═════ Material shown ═════

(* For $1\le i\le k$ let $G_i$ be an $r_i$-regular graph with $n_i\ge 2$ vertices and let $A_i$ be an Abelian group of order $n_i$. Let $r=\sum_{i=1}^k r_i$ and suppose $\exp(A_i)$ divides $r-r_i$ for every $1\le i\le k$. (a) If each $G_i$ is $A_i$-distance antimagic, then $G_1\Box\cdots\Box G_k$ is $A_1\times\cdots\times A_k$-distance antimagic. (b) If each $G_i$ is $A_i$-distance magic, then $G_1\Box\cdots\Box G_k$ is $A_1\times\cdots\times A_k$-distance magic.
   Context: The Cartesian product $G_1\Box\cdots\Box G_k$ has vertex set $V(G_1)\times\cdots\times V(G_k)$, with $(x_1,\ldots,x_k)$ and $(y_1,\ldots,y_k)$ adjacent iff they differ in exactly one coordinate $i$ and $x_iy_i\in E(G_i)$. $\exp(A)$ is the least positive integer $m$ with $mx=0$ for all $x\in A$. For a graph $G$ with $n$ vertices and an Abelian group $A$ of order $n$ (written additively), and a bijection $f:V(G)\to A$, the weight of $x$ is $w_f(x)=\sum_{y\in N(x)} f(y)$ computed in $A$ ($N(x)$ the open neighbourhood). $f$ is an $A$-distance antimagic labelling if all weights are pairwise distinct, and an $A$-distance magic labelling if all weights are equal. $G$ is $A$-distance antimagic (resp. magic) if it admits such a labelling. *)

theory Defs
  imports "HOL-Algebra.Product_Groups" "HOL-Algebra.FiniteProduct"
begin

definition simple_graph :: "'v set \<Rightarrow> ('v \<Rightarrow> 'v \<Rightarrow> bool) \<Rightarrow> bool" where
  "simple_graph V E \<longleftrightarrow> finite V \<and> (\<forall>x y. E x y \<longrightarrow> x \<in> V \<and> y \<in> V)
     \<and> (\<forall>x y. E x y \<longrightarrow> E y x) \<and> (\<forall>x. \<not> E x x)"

═════
═════ Material shown ═════

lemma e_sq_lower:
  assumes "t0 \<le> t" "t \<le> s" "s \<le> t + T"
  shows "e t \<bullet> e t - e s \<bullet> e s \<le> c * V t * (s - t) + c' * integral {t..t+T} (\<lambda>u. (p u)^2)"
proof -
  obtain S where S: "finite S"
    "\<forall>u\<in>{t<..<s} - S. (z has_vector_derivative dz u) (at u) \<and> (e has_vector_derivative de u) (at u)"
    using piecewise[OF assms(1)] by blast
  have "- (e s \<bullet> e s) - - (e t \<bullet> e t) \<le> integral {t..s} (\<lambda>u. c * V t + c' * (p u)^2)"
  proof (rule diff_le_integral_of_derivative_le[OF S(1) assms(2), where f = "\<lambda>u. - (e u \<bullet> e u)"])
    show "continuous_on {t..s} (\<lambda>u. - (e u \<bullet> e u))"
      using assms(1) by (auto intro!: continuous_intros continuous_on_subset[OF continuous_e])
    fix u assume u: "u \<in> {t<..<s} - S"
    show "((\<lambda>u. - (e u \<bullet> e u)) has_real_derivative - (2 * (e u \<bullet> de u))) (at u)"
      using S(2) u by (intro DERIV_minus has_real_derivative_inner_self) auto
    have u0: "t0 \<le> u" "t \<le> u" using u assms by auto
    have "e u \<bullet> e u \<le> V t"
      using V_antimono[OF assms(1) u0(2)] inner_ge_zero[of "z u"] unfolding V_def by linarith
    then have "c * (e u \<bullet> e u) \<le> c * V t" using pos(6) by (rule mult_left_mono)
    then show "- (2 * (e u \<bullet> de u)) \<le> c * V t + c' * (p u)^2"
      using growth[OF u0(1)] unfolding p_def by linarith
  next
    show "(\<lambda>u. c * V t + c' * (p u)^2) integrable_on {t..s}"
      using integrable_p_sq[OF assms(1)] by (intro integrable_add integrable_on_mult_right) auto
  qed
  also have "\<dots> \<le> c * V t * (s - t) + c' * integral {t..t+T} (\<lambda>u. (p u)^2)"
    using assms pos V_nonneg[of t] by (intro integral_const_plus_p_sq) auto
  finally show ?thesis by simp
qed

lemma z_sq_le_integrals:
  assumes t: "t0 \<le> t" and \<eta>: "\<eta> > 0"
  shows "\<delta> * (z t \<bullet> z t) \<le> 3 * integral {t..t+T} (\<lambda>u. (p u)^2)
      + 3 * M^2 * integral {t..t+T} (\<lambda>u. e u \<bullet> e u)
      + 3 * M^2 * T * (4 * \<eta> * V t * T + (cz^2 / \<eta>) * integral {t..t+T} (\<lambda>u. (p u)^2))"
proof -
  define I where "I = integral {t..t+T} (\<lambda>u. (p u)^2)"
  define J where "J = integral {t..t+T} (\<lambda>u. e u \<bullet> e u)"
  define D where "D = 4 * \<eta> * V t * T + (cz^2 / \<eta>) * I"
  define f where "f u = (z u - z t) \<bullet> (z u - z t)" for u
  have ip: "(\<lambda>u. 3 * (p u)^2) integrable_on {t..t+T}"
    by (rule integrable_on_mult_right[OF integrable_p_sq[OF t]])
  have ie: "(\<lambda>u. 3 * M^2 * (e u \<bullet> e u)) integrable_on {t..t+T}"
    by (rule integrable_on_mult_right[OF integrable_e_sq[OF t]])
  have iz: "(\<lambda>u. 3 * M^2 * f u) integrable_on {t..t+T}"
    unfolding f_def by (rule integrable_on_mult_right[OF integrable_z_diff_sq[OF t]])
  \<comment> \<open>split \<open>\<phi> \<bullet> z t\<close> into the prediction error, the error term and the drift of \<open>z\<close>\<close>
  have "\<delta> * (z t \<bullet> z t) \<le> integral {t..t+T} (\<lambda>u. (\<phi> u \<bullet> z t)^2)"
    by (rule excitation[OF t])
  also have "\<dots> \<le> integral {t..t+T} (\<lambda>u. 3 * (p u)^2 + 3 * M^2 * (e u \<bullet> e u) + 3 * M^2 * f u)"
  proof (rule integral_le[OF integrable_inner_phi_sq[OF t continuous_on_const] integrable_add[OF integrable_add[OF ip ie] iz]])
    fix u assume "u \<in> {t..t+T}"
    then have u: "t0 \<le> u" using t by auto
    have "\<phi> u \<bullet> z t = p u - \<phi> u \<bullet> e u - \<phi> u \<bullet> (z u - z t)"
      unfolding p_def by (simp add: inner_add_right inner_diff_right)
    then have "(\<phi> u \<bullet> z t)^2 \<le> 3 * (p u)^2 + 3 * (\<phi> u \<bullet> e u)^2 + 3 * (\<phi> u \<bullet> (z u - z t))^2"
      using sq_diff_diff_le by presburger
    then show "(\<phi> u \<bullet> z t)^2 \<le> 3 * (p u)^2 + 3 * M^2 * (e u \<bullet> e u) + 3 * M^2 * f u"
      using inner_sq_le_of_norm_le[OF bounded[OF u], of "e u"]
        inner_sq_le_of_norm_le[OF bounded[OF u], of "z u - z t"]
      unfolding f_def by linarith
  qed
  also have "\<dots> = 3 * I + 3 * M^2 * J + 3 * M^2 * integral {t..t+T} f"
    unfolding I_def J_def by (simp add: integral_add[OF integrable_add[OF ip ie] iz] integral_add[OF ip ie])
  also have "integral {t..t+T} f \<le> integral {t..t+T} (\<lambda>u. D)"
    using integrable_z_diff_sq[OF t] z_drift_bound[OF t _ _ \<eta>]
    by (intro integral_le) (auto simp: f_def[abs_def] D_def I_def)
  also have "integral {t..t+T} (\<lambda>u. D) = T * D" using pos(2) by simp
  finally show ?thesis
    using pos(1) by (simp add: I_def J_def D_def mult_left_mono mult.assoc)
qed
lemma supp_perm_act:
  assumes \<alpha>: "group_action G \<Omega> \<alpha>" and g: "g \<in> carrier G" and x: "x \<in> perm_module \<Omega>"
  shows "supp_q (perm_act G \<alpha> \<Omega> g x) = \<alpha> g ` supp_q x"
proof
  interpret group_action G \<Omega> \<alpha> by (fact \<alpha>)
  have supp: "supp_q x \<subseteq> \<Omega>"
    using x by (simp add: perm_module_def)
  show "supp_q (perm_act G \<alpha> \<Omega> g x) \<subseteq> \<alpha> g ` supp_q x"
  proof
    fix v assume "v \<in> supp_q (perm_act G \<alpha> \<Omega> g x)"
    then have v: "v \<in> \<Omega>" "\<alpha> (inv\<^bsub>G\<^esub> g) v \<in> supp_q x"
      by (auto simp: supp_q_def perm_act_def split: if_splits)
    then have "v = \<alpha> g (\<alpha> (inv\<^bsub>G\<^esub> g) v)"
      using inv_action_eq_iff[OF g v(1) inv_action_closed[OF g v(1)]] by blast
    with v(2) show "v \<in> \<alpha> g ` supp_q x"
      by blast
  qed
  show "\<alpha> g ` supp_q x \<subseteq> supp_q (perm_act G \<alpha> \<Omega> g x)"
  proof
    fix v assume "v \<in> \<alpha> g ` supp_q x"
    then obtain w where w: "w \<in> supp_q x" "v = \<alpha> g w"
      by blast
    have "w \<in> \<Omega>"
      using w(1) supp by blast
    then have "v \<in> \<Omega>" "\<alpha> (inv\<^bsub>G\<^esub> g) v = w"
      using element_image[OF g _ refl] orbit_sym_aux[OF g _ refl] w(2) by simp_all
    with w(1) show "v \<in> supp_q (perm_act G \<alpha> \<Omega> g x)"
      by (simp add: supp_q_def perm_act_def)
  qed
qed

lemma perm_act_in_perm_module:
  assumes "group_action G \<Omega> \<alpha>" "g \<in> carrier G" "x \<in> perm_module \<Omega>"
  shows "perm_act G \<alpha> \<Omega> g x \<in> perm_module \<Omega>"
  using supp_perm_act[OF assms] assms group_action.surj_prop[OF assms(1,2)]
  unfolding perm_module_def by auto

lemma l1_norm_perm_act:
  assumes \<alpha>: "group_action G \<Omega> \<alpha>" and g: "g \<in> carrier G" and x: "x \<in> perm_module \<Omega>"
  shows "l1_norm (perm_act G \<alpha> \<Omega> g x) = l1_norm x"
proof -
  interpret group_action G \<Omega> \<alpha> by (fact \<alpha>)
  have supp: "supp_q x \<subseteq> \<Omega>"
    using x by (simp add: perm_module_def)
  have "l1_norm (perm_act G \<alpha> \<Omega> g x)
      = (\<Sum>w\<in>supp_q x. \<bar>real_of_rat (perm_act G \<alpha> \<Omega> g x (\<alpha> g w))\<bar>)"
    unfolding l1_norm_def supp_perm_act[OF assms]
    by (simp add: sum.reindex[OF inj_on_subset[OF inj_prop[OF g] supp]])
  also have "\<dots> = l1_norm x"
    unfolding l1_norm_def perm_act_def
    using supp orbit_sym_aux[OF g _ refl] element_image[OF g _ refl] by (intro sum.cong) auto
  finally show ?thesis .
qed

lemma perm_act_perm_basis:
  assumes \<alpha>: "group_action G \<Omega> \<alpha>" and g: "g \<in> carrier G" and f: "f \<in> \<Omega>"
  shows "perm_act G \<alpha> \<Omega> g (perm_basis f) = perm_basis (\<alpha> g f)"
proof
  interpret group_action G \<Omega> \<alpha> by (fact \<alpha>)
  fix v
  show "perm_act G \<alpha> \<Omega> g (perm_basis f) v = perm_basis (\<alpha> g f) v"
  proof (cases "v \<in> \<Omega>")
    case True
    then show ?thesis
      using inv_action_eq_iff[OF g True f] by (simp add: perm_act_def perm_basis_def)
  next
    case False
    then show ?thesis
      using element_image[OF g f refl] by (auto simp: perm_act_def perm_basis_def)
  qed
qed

═════

— Prompt —
Using the data above, repeat exactly the lines that begin at the line with "define D where" and end at the line with "drift of \<open>z\<close>\<close>", both ends included.

— Solution for this task —
  define D where "D = 4 * \<eta> * V t * T + (cz^2 / \<eta>) * I"
  define f where "f u = (z u - z t) \<bullet> (z u - z t)" for u
  have ip: "(\<lambda>u. 3 * (p u)^2) integrable_on {t..t+T}"
    by (rule integrable_on_mult_right[OF integrable_p_sq[OF t]])
  have ie: "(\<lambda>u. 3 * M^2 * (e u \<bullet> e u)) integrable_on {t..t+T}"
    by (rule integrable_on_mult_right[OF integrable_e_sq[OF t]])
  have iz: "(\<lambda>u. 3 * M^2 * f u) integrable_on {t..t+T}"
    unfolding f_def by (rule integrable_on_mult_right[OF integrable_z_diff_sq[OF t]])
  \<comment> \<open>split \<open>\<phi> \<bullet> z t\<close> into the prediction error, the error term and the drift of \<open>z\<close>\<close>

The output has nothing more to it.